Film Review: The Nutcracker and the Four Realms is a CGI Mess With an Earnest Heart

Disney's lavish re-staging of the classic ballet feels a lot like a re-gifted present

The Nutcracker and the Four Realms (Disney)

Directed by

  • Lasse Hallström, Joe Johnston


  • Mackenzie Foy
  • Keira Knightley
  • Helen Mirren

Release Year

  • 2018


  • PG

    The Pitch: Just in time for the holiday season (and the holiday box office returns), Disney transforms Tchaikovsky’s iconic Nutcracker ballet into a full-on fantasy action-adventure. The film opens in a lightly steampunk, colorblind-cast version of Victorian London, where young teenager Clara Stahlbaum (Interstellar’s Mackenzie Foy) spends her Christmas Eve investigating a mystery laid out by her recently deceased mother and her whimsical inventor godfather Drosselmeyer (Morgan Freeman). That soon leads her to the magical snowy land of the “Four Realms,” an ill-defined fantastical ecosystem that expands the original ballet’s Land of Sweets (here ruled by Keira Knightley’s baby-voiced Sugar Plum Fairy) into a Narnia-esque world made up of the essential elements of childhood: candy, flowers, snowflakes, and “amusements.” Sure. That last realm is ruled by the ominous Mother Ginger (Helen Mirren), who has declared war against the others. So Clara teams up with a loyal nutcracker soldier (Jayden Fowora-Knight) to right the kingdom’s wrongs and learn more about her mother’s own connection to the Four Realms.

    Holding out for a Hero: In a cinematic landscape where the term “strong female characters” is often taken far too literally, Clara joins a welcome subgenre of female adventure heroes whose strengths lie in something beyond their fists. This version of Clara is a tinkerer and inventor who relies on her knowledge of the laws of physics to help her out of a jam. More so than that, however, she’s just an everywoman bravely forging her own path in an overwhelming new world. Like Meg Murry in Disney’s recent A Wrinkle In Time, Clara is the sort of character archetype of which young boys have many (just watch any action-adventure movie from the 1980s) and young girls have far fewer.

    Christmas Mourning: At its best, The Nutcracker and the Four Realms grounds it fantastical elements in a moving portrait of grief. In bookending real-world scenes, Matthew Macfadyen turns in the film’s best performance as Clara’s mournful father, a man desperate to hide his sadness behind a veneer of normalcy, something Clara mistakes for simply being unfeeling.

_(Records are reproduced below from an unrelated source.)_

(* If $w\in\mathbb{R}^n$, $w\ge0$, is strongly bilevel feasible, then $w$ has exactly one bilevel feasible decomposition.
   Context: Multi-commodity network pricing setting: $G=(\mathcal{V},\mathcal{A})$ directed graph with arc costs $c\ge0$, nonempty tolled arc set $\mathcal{A}_1\subsetneq\mathcal{A}$, $n=|\mathcal{A}_1|$, $N$ node–arc incidence matrix; finite set $\mathcal{K}$ of commodities, commodity $k$ having origin $o^k$ and destination $d^k$ connected by a path of arcs not in $\mathcal{A}_1$; $b^k_{o^k}=1$, $b^k_{d^k}=-1$, other entries $0$; $\mathcal{X}^k=\{x\in\mathbb{R}^{\mathcal{A}}: Nx=b^k,\ x\ge0\}$; $x_{\mathcal{A}_1}$ is the restriction of $x$ to $\mathcal{A}_1$. For $t\in\mathbb{R}^n$ let $f^k(t)=\min\{c^\top x+t^\top x_{\mathcal{A}_1}: x\in\mathcal{X}^k\}$ if $t\ge0$, $-\infty$ otherwise; $f=\sum_k f^k$; $g^k(w)=\sup_t\{f^k(t)-t^\top w\}$, $g(w)=\sup_t\{f(t)-t^\top w\}$. A vector $w\ge0$ is strongly bilevel feasible if $\{w\}$ is the projection onto $w$-space of a face of $\operatorname{epi}(g)$ whose affine hull's direction space does not contain $(0,1)$ (equivalently $\{(w,g(w))\}$ is a face of $\operatorname{epi}(g)$). A decomposition of $w$ is a tuple $(w^k)_{k\in\mathcal{K}}$ of vectors $w^k\ge0$ with $\sum_k w^k=w$; it is bilevel feasible if $g(w)=\sum_k g^k(w^k)$. *)

theory Defs
  imports "HOL-Analysis.Analysis"
begin

text \<open>Tolled arcs A1 = range tol, where
  tol :: 'n \<Rightarrow> 'e is injective, so R^n is real^'n indexed by the tolled arcs.\<close>

definition netflow :: "('e::finite \<Rightarrow> 'v) \<Rightarrow> ('e \<Rightarrow> 'v) \<Rightarrow> ('e \<Rightarrow> real) \<Rightarrow> 'v \<Rightarrow> real" where
  "netflow tail head x v = (\<Sum>a\<in>{a. tail a = v}. x a) - (\<Sum>a\<in>{a. head a = v}. x a)"

definition demand :: "'v \<Rightarrow> 'v \<Rightarrow> 'v \<Rightarrow> real" where
  "demand o' d v = (if v = o' then 1 else if v = d then -1 else 0)"

definition flows :: "('e::finite \<Rightarrow> 'v) \<Rightarrow> ('e \<Rightarrow> 'v) \<Rightarrow> 'v \<Rightarrow> 'v \<Rightarrow> ('e \<Rightarrow> real) set" where
  "flows tail head o' d = {x. (\<forall>v. netflow tail head x v = demand o' d v) \<and> (\<forall>a. 0 \<le> x a)}"

definition fk :: "('e::finite \<Rightarrow> 'v) \<Rightarrow> ('e \<Rightarrow> 'v) \<Rightarrow> ('e \<Rightarrow> real) \<Rightarrow> ('n::finite \<Rightarrow> 'e)
    \<Rightarrow> 'v \<Rightarrow> 'v \<Rightarrow> real^'n \<Rightarrow> ereal" where
  "fk tail head c tol o' d t =
     (if (\<forall>i. 0 \<le> t $ i)
      then (INF x\<in>flows tail head o' d. ereal ((\<Sum>a\<in>UNIV. c a * x a) + (\<Sum>i\<in>UNIV. t $ i * x (tol i))))
      else -\<infinity>)"

definition gk :: "('e::finite \<Rightarrow> 'v) \<Rightarrow> ('e \<Rightarrow> 'v) \<Rightarrow> ('e \<Rightarrow> real) \<Rightarrow> ('n::finite \<Rightarrow> 'e)
    \<Rightarrow> 'v \<Rightarrow> 'v \<Rightarrow> real^'n \<Rightarrow> ereal" where
  "gk tail head c tol o' d w = (SUP t. fk tail head c tol o' d t - ereal (t \<bullet> w))"

definition ftot :: "('e::finite \<Rightarrow> 'v) \<Rightarrow> ('e \<Rightarrow> 'v) \<Rightarrow> ('e \<Rightarrow> real) \<Rightarrow> ('n::finite \<Rightarrow> 'e)
    \<Rightarrow> 'k set \<Rightarrow> ('k \<Rightarrow> 'v) \<Rightarrow> ('k \<Rightarrow> 'v) \<Rightarrow> real^'n \<Rightarrow> ereal" where
  "ftot tail head c tol K orig dest t = (\<Sum>k\<in>K. fk tail head c tol (orig k) (dest k) t)"

definition gtot :: "('e::finite \<Rightarrow> 'v) \<Rightarrow> ('e \<Rightarrow> 'v) \<Rightarrow> ('e \<Rightarrow> real) \<Rightarrow> ('n::finite \<Rightarrow> 'e)
    \<Rightarrow> 'k set \<Rightarrow> ('k \<Rightarrow> 'v) \<Rightarrow> ('k \<Rightarrow> 'v) \<Rightarrow> real^'n \<Rightarrow> ereal" where
  "gtot tail head c tol K orig dest w = (SUP t. ftot tail head c tol K orig dest t - ereal (t \<bullet> w))"

definition epigraph :: "('a \<Rightarrow> ereal) \<Rightarrow> ('a \<times> real) set" where
  "epigraph h = {(w, \<mu>). h w \<le> ereal \<mu>}"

Like Peter Pan or The Wizard of Oz, The Nutcracker and the Four Realms occasionally hints at becoming the sort of story where issues from the real world spill over into the fantasy one, especially once it turns out the death of Clara’s mother has emotional ramifications within the Four Realms as well. Unfortunately, the film gets too caught up in the tedious plot machinations of its garish CGI fantasy world to fully commit to that idea.


    The Verdict: There’s no doubt that The Nutcracker and the Four Realms has its heart in the right place. It incorporates Tchaikovsky’s music and elements of ballet storytelling (led by American Ballet Theatre superstar Misty Copeland) in a way that’s clearly decided to introduce those classic artforms to a new generation of kids. The film’s no-nonsense approach to diversity is welcome, as is the fact that it centers on a mother/daughter relationship (a rarity in blockbuster storytelling). Yet the further the film moves into its Four Realms plotting, the more hollow it starts to feel. Compelling visual flourishes — like the film’s stunning costume and makeup design, or a genuinely terrifying take on the “Mouse King” — get lost in an overcrowded landscape of poorly rendered, candy-colored CGI.

    The film prioritizes quest mechanics over character development to the point where it’s hard to tell why any of its characters do the things they do. The nutcracker soldier mostly seems to stick around because he’s featured in the title. Neither Foy nor Fowora-Knight ever seem entirely comfortable acting in this largely computer generated world. Knightley, meanwhile, fully commits to her portrayal of the Sugar Plum Fairy as part giddy Glinda the Good Witch, part vapid Marie Antoinette. Yet that intense level of commitment winds up feeling out of place when her co-stars are giving her so little to work with.

    For a film that looks this wacky, it’s a shame that The Nutcracker and the Four Realms is ultimately pretty boring. As a family film that skews towards a younger audience, it will perhaps prove to be a magical cinematic experience for children to which this sort of thing is brand new. For adults who’ve already seen The Chronicles of Narnia movies or Tim Burton’s Alice In Wonderland, however, The Nutcracker and the Four Realms feels more like a re-gifted Christmas present.


    Where’s it Playing?: The Nutcracker and the Four Realms opens on November 2nd. It’s Disney’s big holiday extravaganza, so expect it to be playing everywhere.